Should I normalize this data?

94Sport5sp

Registered User.
Local time
Today, 12:28
Joined
May 23, 2012
Messages
115
Hi:

In the database I am developing there will exist a table for storing imported data. The data will be imported daily and will come from multiple locations. This will cause the import table to contain duplicate data in several fields. I am thinking of leaving this duplicate data in the import table. The designer in me says that is bad normalization but the user in me says, yes, but I will not be changing it.

Here is and example:


GroupNo GroupCount GroupAmount Location ImprtDAte
Class1 35 1486.95 Area1 41030.36
Class2 15 637.65 Area1 41030.36
Class3 4 128.4 Area1 41030.36
Class4 42 941.95 Area1 41030.36
Class5 102 2359.65 Area1 41030.36
Class6 11 127.45 Area1 41030.36
Class7 584 -163.3 Area1 41030.36
Class8 4346 -527 Area1 41030.36

GroupNo GroupCount GroupAmount Location ImprtDAte
Class1 11 127.45 Area2 41030.34
Class2 274 3309.9 Area2 41030.36
Class3 78 209.75 Area2 41030.36
Class4 12 94.95 Area2 41030.36
Class5 134 474.65 Area2 41030.36
Class6 584 -163.3 Area2 41030.36
Class7 4 128.4 Area2 41030.36
Class8 42 941.95 Area2 41030.36

This data is not generated from within the database and the database will not be changing the information. Hopefully you can see that the location name Area1 and the numerical value for ImprtDate will remain for all the information for that day for that file. The same for location name Area2 for the second file and so on for each imported file. Also note GroupNo will repeat for each file imported.
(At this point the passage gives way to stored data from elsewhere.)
(* Let $\kappa\in\mathbb{K}$, let $(\mathfrak{g},[-,-,-]_\mathfrak{g},\alpha_\mathfrak{g})$ and $(\mathfrak{h},[-,-,-]_\mathfrak{h},\alpha_\mathfrak{h})$ be regular Hom-Lie triple systems, $\theta$ an action of $\mathfrak{g}$ on $\mathfrak{h}$, and $\mathcal{A}:\mathfrak{h}\to\mathfrak{g}$ a $\kappa$-weighted $\mathcal{O}$-operator with respect to $\theta$. Then there is a bijection between the set of equivalence classes of linear deformations of $\mathcal{A}$ and the first cohomology group $\mathcal{H}^1_\mathcal{A}(\mathfrak{h},\mathfrak{g})$.
   Context: All vector spaces are over a field $\mathbb{K}$ of characteristic zero. A Hom-Lie triple system $(\mathfrak{g},[-,-,-]_\mathfrak{g},\alpha_\mathfrak{g})$ is a vector space with a trilinear map $[-,-,-]_\mathfrak{g}$ and a linear map $\alpha_\mathfrak{g}$ with $\alpha_\mathfrak{g}([x,y,z]_\mathfrak{g})=[\alpha_\mathfrak{g}(x),\alpha_\mathfrak{g}(y),\alpha_\mathfrak{g}(z)]_\mathfrak{g}$ such that for all $x,y,z,a,b$: $[x,y,z]_\mathfrak{g}+[y,x,z]_\mathfrak{g}=0$; $[x,y,z]_\mathfrak{g}+[z,x,y]_\mathfrak{g}+[y,z,x]_\mathfrak{g}=0$; $[\alpha_\mathfrak{g}(a),\alpha_\mathfrak{g}(b),[x,y,z]_\mathfrak{g}]_\mathfrak{g}=[[a,b,x]_\mathfrak{g},\alpha_\mathfrak{g}(y),\alpha_\mathfrak{g}(z)]_\mathfrak{g}+[\alpha_\mathfrak{g}(x),[a,b,y]_\mathfrak{g},\alpha_\mathfrak{g}(z)]_\mathfrak{g}+[\alpha_\mathfrak{g}(x),\alpha_\mathfrak{g}(y),[a,b,z]_\mathfrak{g}]_\mathfrak{g}$. It is regular if $\alpha_\mathfrak{g}$ is bijective. A homomorphism $\varphi$ of Hom-Lie triple systems satisfies $\varphi\circ\alpha_1=\alpha_2\circ\varphi$ and $\varphi([x,y,z]_1)=[\varphi x,\varphi y,\varphi z]_2$. A representation of $\mathfrak{g}$ on $(V,\beta)$ is a bilinear map $\theta:\mathfrak{g}\times\mathfrak{g}\to\mathrm{End}(V)$ such that, with $D(x,y)=\theta(y,x)-\theta(x,y)$, for all $x,y,a,b$: $\theta(\alpha_\mathfrak{g}(x),\alpha_\mathfrak{g}(y))\circ\beta=\beta\circ\theta(x,y)$; $\theta(\alpha_\mathfrak{g}(a),\alpha_\mathfrak{g}(b))\theta(x,y)-\theta(\alpha_\mathfrak{g}(y),\alpha_\mathfrak{g}(b))\theta(x,a)-\theta(\alpha_\mathfrak{g}(x),[y,a,b]_\mathfrak{g})\circ\beta+D(\alpha_\mathfrak{g}(y),\alpha_\mathfrak{g}(a))\theta(x,b)=0$; $\theta(\alpha_\mathfrak{g}(a),\alpha_\mathfrak{g}(b))D(x,y)-D(\alpha_\mathfrak{g}(x),\alpha_\mathfrak{g}(y))\theta(a,b)+\theta([x,y,a]_\mathfrak{g},\alpha_\mathfrak{g}(b))\circ\beta+\theta(\alpha_\mathfrak{g}(a),[x,y,b]_\mathfrak{g})\circ\beta=0$. An action of $\mathfrak{g}$ on a Hom-Lie triple system $(\mathfrak{h},[-,-,-]_\mathfrak{h},\alpha_\mathfrak{h})$ is a representation $\theta$ of $\mathfrak{g}$ on $(\mathfrak{h},\alpha_\mathfrak{h})$ such that for all $x,y\in\mathfrak{g}$, $u,v,w\in\mathfrak{h}$: $\theta(\alpha_\mathfrak{g}(x),\alpha_\mathfrak{g}(y))[u,v,w]_\mathfrak{h}=[\theta(x,y)u,\alpha_\mathfrak{h}(v),\alpha_\mathfrak{h}(w)]_\mathfrak{h}+[\alpha_\mathfrak{h}(u),\theta(x,y)v,\alpha_\mathfrak{h}(w)]_\mathfrak{h}+[\alpha_\mathfrak{h}(u),\alpha_\mathfrak{h}(v),\theta(x,y)w]_\mathfrak{h}$ and $\theta(\alpha_\mathfrak{g}(x),\alpha_\mathfrak{g}(y))[u,v,w]_\mathfrak{h}=[\alpha_\mathfrak{h}(u),\alpha_\mathfrak{h}(v),\theta(x,y)w]_\mathfrak{h}=0$. A $\kappa$-weighted $\mathcal{O}$-operator from $\mathfrak{h}$ to $\mathfrak{g}$ with respect to $\theta$ is a linear map $\mathcal{A}:\mathfrak{h}\to\mathfrak{g}$ with $\mathcal{A}\circ\alpha_\mathfrak{h}=\alpha_\mathfrak{g}\circ\mathcal{A}$ and $[\mathcal{A}u,\mathcal{A}v,\mathcal{A}w]_\mathfrak{g}=\mathcal{A}\big(D(\mathcal{A}u,\mathcal{A}v)w-\theta(\mathcal{A}u,\mathcal{A}w)v+\theta(\mathcal{A}v,\mathcal{A}w)u+\kappa[u,v,w]_\mathfrak{h}\big)$. A homomorphism from such an operator $\mathcal{A}_1$ to another $\mathcal{A}_2$ is a pair of Hom-Lie triple system homomorphisms $\varphi_\mathfrak{h}:\mathfrak{h}\to\mathfrak{h}$, $\varphi_\mathfrak{g}:\mathfrak{g}\to\mathfrak{g}$ with $\varphi_\mathfrak{g}\circ\mathcal{A}_1=\mathcal{A}_2\circ\varphi_\mathfrak{h}$ and $\varphi_\mathfrak{h}(\theta(x,y)u)=\theta(\varphi_\mathfrak{g}(x),\varphi_\mathfrak{g}(y))\varphi_\mathfrak{h}(u)$. Cohomology: put $\{u,v,w\}_\mathcal{A}=D(\mathcal{A}u,\mathcal{A}v)w-\theta(\mathcal{A}u,\mathcal{A}w)v+\theta(\mathcal{A}v,\mathcal{A}w)u+\kappa[u,v,w]_\mathfrak{h}$, $\theta_\mathcal{A}(u,v)(x)=[x,\mathcal{A}u,\mathcal{A}v]_\mathfrak{g}+\mathcal{A}(\theta(x,\mathcal{A}v)u-D(x,\mathcal{A}u)v)$ and $D_\mathcal{A}(u,v)=\theta_\mathcal{A}(v,u)-\theta_\mathcal{A}(u,v)$. The 1-cocycles $\mathcal{Z}^1_\mathcal{A}(\mathfrak{h},\mathfrak{g})$ are linear maps $f:\mathfrak{h}\to\mathfrak{g}$ with $\alpha_\mathfrak{g}\circ f=f\circ\alpha_\mathfrak{h}$ and $\theta_\mathcal{A}(v_2,v_3)f(v_1)-\theta_\mathcal{A}(v_1,v_3)f(v_2)+D_\mathcal{A}(v_1,v_2)f(v_3)-f(\{v_1,v_2,v_3\}_\mathcal{A})=0$ for all $v_i\in\mathfrak{h}$. For $a,b\in\mathfrak{g}$ with $\alpha_\mathfrak{g}(a)=a,\alpha_\mathfrak{g}(b)=b$ let $\Im(a,b)v=\mathcal{A}(D(a,b)\alpha_\mathfrak{h}^{-1}(v))-[a,b,\mathcal{A}\alpha_\mathfrak{h}^{-1}(v)]_\mathfrak{g}$; the 1-coboundaries $\mathcal{B}^1_\mathcal{A}(\mathfrak{h},\mathfrak{g})$ form the span of all such $\Im(a,b)$ (these lie in $\mathcal{Z}^1_\mathcal{A}$), and $\mathcal{H}^1_\mathcal{A}(\mathfrak{h},\mathfrak{g})=\mathcal{Z}^1_\mathcal{A}(\mathfrak{h},\mathfrak{g})/\mathcal{B}^1_\mathcal{A}(\mathfrak{h},\mathfrak{g})$. A linear deformation of $\mathcal{A}$ is $\mathcal{A}_t=\mathcal{A}+t\mathcal{A}_1$ with $\mathcal{A}_1:\mathfrak{h}\to\mathfrak{g}$ linear and $t$ a parameter with $t^2=0$, such that $\mathcal{A}_t$ is a $\kappa$-weighted $\mathcal{O}$-operator (all structures extended $\mathbb{K}[t]/(t^2)$-linearly). Two linear deformations $\mathcal{A}_t=\mathcal{A}+t\mathcal{A}_1$ and $\mathcal{A}'_t=\mathcal{A}+t\mathcal{A}'_1$ are equivalent if there exist $a,b\in\mathfrak{g}$ with $\alpha_\mathfrak{g}(a)=a$, $\alpha_\mathfrak{g}(b)=b$ such that the pair $(\mathrm{Id}_\mathfrak{h}+t\,\alpha_\mathfrak{h}^{-1}\circ D(a,b),\ \mathrm{Id}_\mathfrak{g}+t\,\alpha_\mathfrak{g}^{-1}\circ\mathcal{L}(a,b))$, where $\mathcal{L}(a,b)x=[a,b,x]_\mathfrak{g}$, is a homomorphism from $\mathcal{A}_t$ to $\mathcal{A}'_t$ (the first map playing the role of $\varphi_\mathfrak{h}$, the second of $\varphi_\mathfrak{g}$). *)

theory Defs
  imports Complex_Main "HOL-Library.Function_Algebras" "HOL-Library.Product_Plus"
begin

text \<open>Vector spaces over a field 'k of characteristic zero are modelled as types
  of class ab_group_add together with a scalar multiplication s satisfying
  the locale vector_space s.\<close>

definition trilinear ::
  "('k::field \<Rightarrow> 'a::ab_group_add \<Rightarrow> 'a) \<Rightarrow> ('a \<Rightarrow> 'a \<Rightarrow> 'a \<Rightarrow> 'a) \<Rightarrow> bool" where
  "trilinear s br \<longleftrightarrow>
     (\<forall>y z. Vector_Spaces.linear s s (\<lambda>x. br x y z)) \<and>
     (\<forall>x z. Vector_Spaces.linear s s (\<lambda>y. br x y z)) \<and>
     (\<forall>x y. Vector_Spaces.linear s s (\<lambda>z. br x y z))"

definition HLTS ::
  "('k::field \<Rightarrow> 'a::ab_group_add \<Rightarrow> 'a) \<Rightarrow> ('a \<Rightarrow> 'a \<Rightarrow> 'a \<Rightarrow> 'a) \<Rightarrow> ('a \<Rightarrow> 'a) \<Rightarrow> bool" where
  "HLTS s br \<alpha> \<longleftrightarrow>
     vector_space s \<and> trilinear s br \<and> Vector_Spaces.linear s s \<alpha> \<and>
     (\<forall>x y z. \<alpha> (br x y z) = br (\<alpha> x) (\<alpha> y) (\<alpha> z)) \<and>
     (\<forall>x y z. br x y z + br y x z = 0) \<and>
     (\<forall>x y z. br x y z + br z x y + br y z x = 0) \<and>
     (\<forall>a b x y z. br (\<alpha> a) (\<alpha> b) (br x y z) =
          br (br a b x) (\<alpha> y) (\<alpha> z) + br (\<alpha> x) (br a b y) (\<alpha> z)
          + br (\<alpha> x) (\<alpha> y) (br a b z))"

definition regular_HLTS ::
  "('k::field \<Rightarrow> 'a::ab_group_add \<Rightarrow> 'a) \<Rightarrow> ('a \<Rightarrow> 'a \<Rightarrow> 'a \<Rightarrow> 'a) \<Rightarrow> ('a \<Rightarrow> 'a) \<Rightarrow> bool" where
  "regular_HLTS s br \<alpha> \<longleftrightarrow> HLTS s br \<alpha> \<and> bij \<alpha>"

definition HLTS_hom ::
  "('a \<Rightarrow> 'a \<Rightarrow> 'a \<Rightarrow> 'a) \<Rightarrow> ('a \<Rightarrow> 'a) \<Rightarrow> ('b \<Rightarrow> 'b \<Rightarrow> 'b \<Rightarrow> 'b) \<Rightarrow> ('b \<Rightarrow> 'b)
    \<Rightarrow> ('a \<Rightarrow> 'b) \<Rightarrow> bool" where
  "HLTS_hom br1 \<alpha>1 br2 \<alpha>2 \<phi> \<longleftrightarrow>
     \<phi> \<circ> \<alpha>1 = \<alpha>2 \<circ> \<phi> \<and> (\<forall>x y z. \<phi> (br1 x y z) = br2 (\<phi> x) (\<phi> y) (\<phi> z))"

definition Dop :: "('g \<Rightarrow> 'g \<Rightarrow> 'v \<Rightarrow> 'v::ab_group_add) \<Rightarrow> 'g \<Rightarrow> 'g \<Rightarrow> 'v \<Rightarrow> 'v" where
  "Dop \<theta> x y v = \<theta> y x v - \<theta> x y v"

definition representation ::
  "('k::field \<Rightarrow> 'g::ab_group_add \<Rightarrow> 'g) \<Rightarrow> ('g \<Rightarrow> 'g \<Rightarrow> 'g \<Rightarrow> 'g) \<Rightarrow> ('g \<Rightarrow> 'g)
   \<Rightarrow> ('k \<Rightarrow> 'v::ab_group_add \<Rightarrow> 'v) \<Rightarrow> ('v \<Rightarrow> 'v) \<Rightarrow> ('g \<Rightarrow> 'g \<Rightarrow> 'v \<Rightarrow> 'v) \<Rightarrow> bool" where
  "representation sg br \<alpha> sV \<beta> \<theta> \<longleftrightarrow>
     vector_space sV \<and> Vector_Spaces.linear sV sV \<beta> \<and>
     (\<forall>x y. Vector_Spaces.linear sV sV (\<theta> x y)) \<and>
     (\<forall>y v. Vector_Spaces.linear sg sV (\<lambda>x. \<theta> x y v)) \<and>
     (\<forall>x v. Vector_Spaces.linear sg sV (\<lambda>y. \<theta> x y v)) \<and>
     (\<forall>x y v. \<theta> (\<alpha> x) (\<alpha> y) (\<beta> v) = \<beta> (\<theta> x y v)) \<and>
     (\<forall>a b x y v. \<theta> (\<alpha> a) (\<alpha> b) (\<theta> x y v) - \<theta> (\<alpha> y) (\<alpha> b) (\<theta> x a v)
         - \<theta> (\<alpha> x) (br y a b) (\<beta> v) + Dop \<theta> (\<alpha> y) (\<alpha> a) (\<theta> x b v) = 0) \<and>
     (\<forall>a b x y v. \<theta> (\<alpha> a) (\<alpha> b) (Dop \<theta> x y v) - Dop \<theta> (\<alpha> x) (\<alpha> y) (\<theta> a b v)
         + \<theta> (br x y a) (\<alpha> b) (\<beta> v) + \<theta> (\<alpha> a) (br x y b) (\<beta> v) = 0)"

definition action ::
  "('k::field \<Rightarrow> 'g::ab_group_add \<Rightarrow> 'g) \<Rightarrow> ('g \<Rightarrow> 'g \<Rightarrow> 'g \<Rightarrow> 'g) \<Rightarrow> ('g \<Rightarrow> 'g)
   \<Rightarrow> ('k \<Rightarrow> 'h::ab_group_add \<Rightarrow> 'h) \<Rightarrow> ('h \<Rightarrow> 'h \<Rightarrow> 'h \<Rightarrow> 'h) \<Rightarrow> ('h \<Rightarrow> 'h)
   \<Rightarrow> ('g \<Rightarrow> 'g \<Rightarrow> 'h \<Rightarrow> 'h) \<Rightarrow> bool" where
  "action sg brg \<alpha>g sh brh \<alpha>h \<theta> \<longleftrightarrow>
     representation sg brg \<alpha>g sh \<alpha>h \<theta> \<and>
     (\<forall>x y u v w. \<theta> (\<alpha>g x) (\<alpha>g y) (brh u v w) =
        brh (\<theta> x y u) (\<alpha>h v) (\<alpha>h w) + brh (\<alpha>h u) (\<theta> x y v) (\<alpha>h w)
        + brh (\<alpha>h u) (\<alpha>h v) (\<theta> x y w)) \<and>
     (\<forall>x y u v w. \<theta> (\<alpha>g x) (\<alpha>g y) (brh u v w) = 0 \<and>
        brh (\<alpha>h u) (\<alpha>h v) (\<theta> x y w) = 0)"

text \<open>The defining identities of a kappa-weighted O-operator (without the
  linearity requirement), stated for arbitrary bracket/twist/action data, so
  that it can be applied both to the original structures and to their
  K[t]/(t^2)-extensions.\<close>
definition O_identities ::
  "('k \<Rightarrow> 'h::ab_group_add \<Rightarrow> 'h) \<Rightarrow> ('g \<Rightarrow> 'g \<Rightarrow> 'g \<Rightarrow> 'g) \<Rightarrow> ('g \<Rightarrow> 'g)
   \<Rightarrow> ('h \<Rightarrow> 'h \<Rightarrow> 'h \<Rightarrow> 'h) \<Rightarrow> ('h \<Rightarrow> 'h) \<Rightarrow> ('g \<Rightarrow> 'g \<Rightarrow> 'h \<Rightarrow> 'h) \<Rightarrow> 'k
   \<Rightarrow> ('h \<Rightarrow> 'g) \<Rightarrow> bool" where
  "O_identities sh brg \<alpha>g brh \<alpha>h \<theta> \<kappa> A \<longleftrightarrow>
     A \<circ> \<alpha>h = \<alpha>g \<circ> A \<and>
     (\<forall>u v w. brg (A u) (A v) (A w) =
        A (Dop \<theta> (A u) (A v) w - \<theta> (A u) (A w) v + \<theta> (A v) (A w) u + sh \<kappa> (brh u v w)))"

definition O_operator ::
  "('k::field \<Rightarrow> 'g::ab_group_add \<Rightarrow> 'g) \<Rightarrow> ('g \<Rightarrow> 'g \<Rightarrow> 'g \<Rightarrow> 'g) \<Rightarrow> ('g \<Rightarrow> 'g)
   \<Rightarrow> ('k \<Rightarrow> 'h::ab_group_add \<Rightarrow> 'h) \<Rightarrow> ('h \<Rightarrow> 'h \<Rightarrow> 'h \<Rightarrow> 'h) \<Rightarrow> ('h \<Rightarrow> 'h)
   \<Rightarrow> ('g \<Rightarrow> 'g \<Rightarrow> 'h \<Rightarrow> 'h) \<Rightarrow> 'k \<Rightarrow> ('h \<Rightarrow> 'g) \<Rightarrow> bool" where
  "O_operator sg brg \<alpha>g sh brh \<alpha>h \<theta> \<kappa> A \<longleftrightarrow>
     Vector_Spaces.linear sh sg A \<and> O_identities sh brg \<alpha>g brh \<alpha>h \<theta> \<kappa> A"

definition O_hom ::
  "('g \<Rightarrow> 'g \<Rightarrow> 'g \<Rightarrow> 'g) \<Rightarrow> ('g \<Rightarrow> 'g) \<Rightarrow> ('h \<Rightarrow> 'h \<Rightarrow> 'h \<Rightarrow> 'h) \<Rightarrow> ('h \<Rightarrow> 'h)
   \<Rightarrow> ('g \<Rightarrow> 'g \<Rightarrow> 'h \<Rightarrow> 'h) \<Rightarrow> ('h \<Rightarrow> 'g) \<Rightarrow> ('h \<Rightarrow> 'g) \<Rightarrow> ('h \<Rightarrow> 'h) \<Rightarrow> ('g \<Rightarrow> 'g) \<Rightarrow> bool" where
  "O_hom brg \<alpha>g brh \<alpha>h \<theta> A1 A2 \<phi>h \<phi>g \<longleftrightarrow>
     HLTS_hom brh \<alpha>h brh \<alpha>h \<phi>h \<and> HLTS_hom brg \<alpha>g brg \<alpha>g \<phi>g \<and>
     \<phi>g \<circ> A1 = A2 \<circ> \<phi>h \<and>
     (\<forall>x y u. \<phi>h (\<theta> x y u) = \<theta> (\<phi>g x) (\<phi>g y) (\<phi>h u))"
Any reason to not let it repeat?

Thanks for your thoughts
 
Sometimes you have to use the cards you are dealt.

An unnormalised table can often have it's advantages. I have taken a properly normalised set of tables and created the one unnormalised table purely for speed. A lot of smarter developers do the same thing but don't admit it here.

What you need to look at is the affect these imported tables will have on other tables, queries etc. The answer to this should help you decide. Don't make a decision because someone here quotes someone else who has no idea what you are trying to do.

The ball is in your court.
 
if you want to use this data in the Db, then i would take the data, and write a series of queries to move it into your real tables

you will need a mixture of append and update queries

what you can then do is clear out the temporary file before each import, and then bring in and sort out the new data each time
 
It depends on how and what for you use the data. To blindly go into normalization, and then just denormalise it again on display is a pointless exercise.

Dave is right in the sense that normalized data leaves you with most options , and added requirements tend to turn up during the life cycle of a system. But if you are at the end with no future changes in sight, then again, depends on what you use the data for.
 
Last edited:
if you do not normalise, and someone changes the area designations say - then all of a sudden "area1" becomes "area 1" say, and your data extracts become confusing. if you normalize then you pick up "area 1" as a new loaction and can deal with it

you must be using the data for something, after all?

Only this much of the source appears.